File 2016 Forms 1099-MISC with the IRS and provide copies to recipients. (Note that Forms 1099-MISC reporting nonemployee compensation in Box 7 must be filed by January 31, beginning with 2016 forms filed in 2017.)

March 15

If a calendar-year partnership or S corporation, file or extend your 2016 tax return. If the return isn’t extended, this is also the last day to make 2016 contributions to pension and profit-sharing plans.

© 2016

Tax Return Due Dates Change in 2017

by Nicole Oeltjen

Tax Senior at Atchley & Associates, LLP

Federal due dates for the 2016 tax returns are changing for the 2017 filing season. Don’t worry, your individual income tax return is still due April 15th and the extended due date is still on October 15th. Changes were made to business returns and other tax forms.

The new due dates apply to tax years beginning after December 31, 2015. This also applies to a business that that may have a short year return during 2016. For business that have a fiscal year end other than a calendar year end the due dates may differ slightly.

New federal due dates for a calendar year taxpayer are below:

Form                             Type                                                Due Date             Extended Due Date


1065                                 Partnership                                    March 15               September 15

1120S                               S corporation                                March 15               September 15

1040                                 Individual                                        April 15                  October 15

1041                                 Trust & Estate                                 April 15                 September 30

1120                                 C corporation                                April 15                 September 15

FinCEN Form 114        Foreign Accounts                         April 15                  October 15

990 & 990T                    Tax Exempt                                     May 15                  November 15

5500                                 Employee Benefit Plans             July 31                   October 15

 

States that have income filing requirements will be working to enact legislation to change their due dates to coincide with the federal deadlines for 2017.

 

Why the change?

Over the years more and more businesses were formed as a flow through entity-such as a partnership or S corporation-rather than a C corporation due to the tax implications.
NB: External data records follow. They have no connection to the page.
section \<open>Dimension of the support set\<close>

text \<open>The coordinates of \<open>J x\<close> are small where those of \<open>a = J x\<^sub>0\<close> are not close to \<open>\<plusminus>1\<close>; splitting
  \<open>J x = c + r\<close> with \<open>a + c\<close> and \<open>a - r\<close> in the unit ball and \<open>S\<close> mapping both into the face
  gives \<open>T x = (S (a + c) - T x\<^sub>0) - (S (a - r) - T x\<^sub>0)\<close>.\<close>
lemma image_face_annihilator_subset_span_face:
  fixes T :: "'a::real_normed_vector \<Rightarrow> 'b::real_normed_vector" and BX :: "'a set"
    and J :: "'a \<Rightarrow> linf" and S :: "linf \<Rightarrow> 'b"
  assumes "finite BX" "span BX = UNIV"
    and J: "linear J" "\<And>x. norm (J x) = norm x"
    and S: "linear S" "\<And>u. norm (S u) \<le> norm u" "\<And>x. S (J x) = T x"
    and f: "contractive_functional f" "f (T x0) = 1" and "norm x0 = 1"
  shows "T ` face_annihilator x0 \<subseteq> span ((\<lambda>y. y - T x0) ` (unit_ball \<inter> {y. f y = 1}))"
    (is "_ \<subseteq> ?W")
proof (rule linear_image_subspace_subset_span[OF _ subspace_face_annihilator])
  show "linear T"
    using linear_compose[OF J(1) S(1)] S(3) by (simp add: o_def)
  have \<psi>: "contractive_functional (\<lambda>u. f (S u))"
    using contractive_functional_compose[OF f(1) S(1,2)] .
  have in_W: "S u - T x0 \<in> ?W" if "norm u \<le> 1" "f (S u) = 1" for u
    using S(2)[of u] that by (auto simp: unit_ball_def intro!: span_base)
  fix x assume x: "x \<in> face_annihilator x0" "norm x \<le> 1"
  have "norm (J x0) \<le> 1" "f (S (J x0)) = 1" "norm (J x) \<le> 1"
    using J(2) S(3) f(2) x(2) \<open>norm x0 = 1\<close> by simp_all
  then obtain c r where cr: "J x = c + r" "norm (J x0 + c) \<le> 1" "norm (J x0 - r) \<le> 1"
    "f (S c) = 0" "f (S r) = 0"
    using linf_split_along_face[OF \<psi>] isometric_embedding_face_annihilator_bound[OF assms(1,2) J
        \<open>norm x0 = 1\<close> x(1)]
    by metis
  have "f (S (J x0 + c)) = 1" "f (S (J x0 - r)) = 1"
    using cr(4,5) \<open>f (S (J x0)) = 1\<close> f(1) unfolding contractive_functional_def
    by (simp_all add: linear_add[OF S(1)] linear_diff[OF S(1)] linear_add linear_diff)
  then have "S (J x0 + c) - T x0 \<in> ?W" "S (J x0 - r) - T x0 \<in> ?W"
    using in_W cr(2,3) by blast+
  then have "(S (J x0 + c) - T x0) - (S (J x0 - r) - T x0) \<in> ?W"
    by (rule span_diff)
  moreover have "(S (J x0 + c) - T x0) - (S (J x0 - r) - T x0) = T x"
    using cr(1) by (simp add: linear_add[OF S(1)] linear_diff[OF S(1)] S(3)[symmetric])
  ultimately show "T x \<in> ?W"
    by simp
qed

lemma hahn_banach_op_image_face_annihilator:
  fixes T :: "'a::real_normed_vector \<Rightarrow> 'b::real_normed_vector" and BX :: "'a set"
  assumes "finite BX" "span BX = UNIV" "hahn_banach_op T" "onorm T = 1" "norm x0 = 1"
    and "contractive_functional f" "f (T x0) = 1"
  shows "T ` face_annihilator x0 \<subseteq> span ((\<lambda>y. y - T x0) ` (unit_ball \<inter> {y. f y = 1}))"
proof -
  obtain J :: "'a \<Rightarrow> linf" and S :: "linf \<Rightarrow> 'b" where JS: "linear J" "\<And>x. norm (J x) = norm x"
    "linear S" "\<And>u. norm (S u) \<le> norm u" "\<And>x. S (J x) = T x"
    using linf_extension_of_hahn_banach_op[OF assms(1-4)] by blast
  show ?thesis
    by (rule image_face_annihilator_subset_span_face[OF assms(1,2) JS assms(6,7,5)])
qed

theorem theorem1:
  fixes T :: "'a::real_normed_vector \<Rightarrow> 'b::real_normed_vector"
    and x0 :: 'a and k :: nat
  assumes "\<exists>B::'a set. finite B \<and> span B = UNIV"
    and "\<exists>B::'b set. finite B \<and> span B = UNIV"
    and "hahn_banach_op T"
    and "dim (range T) = k"
    and "onorm T = 1"
    and "x0 \<in> unit_sphere"
    and "norm (T x0) = 1"
  shows "\<exists>F. support_set_of_ball F \<and> T x0 \<in> F \<and> set_dim F \<ge> int k - 1 - face_dim x0"
proof -
  obtain BX :: "'a set" where BX: "finite BX" "span BX = UNIV"
    using assms(1) by blast
  obtain BY :: "'b set" where BY: "finite BY" "span BY = UNIV"
    using assms(2) by blast
  have "norm x0 = 1" and T: "linear T"
    using assms(3,6) by (simp_all add: unit_sphere_def hahn_banach_wrt_def bounded_linear.linear)
  obtain f where f: "contractive_functional f" "f (T x0) = 1"
    using exists_norming_functional[OF BY assms(7)] by blast
  define F where "F = unit_ball \<inter> {y. f y = 1}"
  obtain H :: "('a \<Rightarrow> real) set" where H: "finite H" "\<And>g. g \<in> H \<Longrightarrow> linear g"
    "int (card H) \<le> face_dim x0 + 1" "{x. \<forall>g\<in>H. g x = 0} \<subseteq> face_annihilator x0"
    using face_annihilator_contains_common_kernel[OF BX \<open>norm x0 = 1\<close>] by blast
  have "T ` {x. \<forall>g\<in>H. g x = 0} \<subseteq> span ((\<lambda>y. y - T x0) ` F)"
    unfolding F_def using image_mono[OF H(4)]
      hahn_banach_op_image_face_annihilator[OF BX assms(3,5) \<open>norm x0 = 1\<close> f]
    by (rule order_trans)
  then have "dim (T ` {x. \<forall>g\<in>H. g x = 0}) \<le> dim ((\<lambda>y. y - T x0) ` F)"
    by (rule dim_mono_finite_span[OF BY])
  then have "k \<le> dim ((\<lambda>y. y - T x0) ` F) + card H"
    using dim_range_le_dim_image_common_kernel[OF T H(1,2) BY] assms(4) by linarith
  moreover have "T x0 \<in> F"
    using assms(7) f(2) by (simp add: F_def unit_ball_def)
  ultimately have "set_dim F \<ge> int k - 1 - face_dim x0"
    using set_dim_eq_dim_translate[of "T x0" F] H(3) by linarith
  moreover have "support_set_of_ball F"
    unfolding F_def by (rule support_set_of_ball_norming_face[OF f(1) assms(7) f(2)])
  ultimately show ?thesis
    using \<open>T x0 \<in> F\<close> by blast
qed

end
As tax law and the complexities of a partnership structure increased, additional time was needed in order for information to be gathered, prepared, and properly reviewed before filing a business tax return. Individual taxpayers were finding it difficult to file on time due to receiving a late Schedule K-1. A Schedule K-1 is the form one receives as being a partner or shareholder of a business structured as a flow through entity. The AICPA, tax professionals and business owners voiced their concerns and opinions and advocated for a change in the federal due dates. Congress passed the new legislation in 2015 to take effect for the 2017 filing season.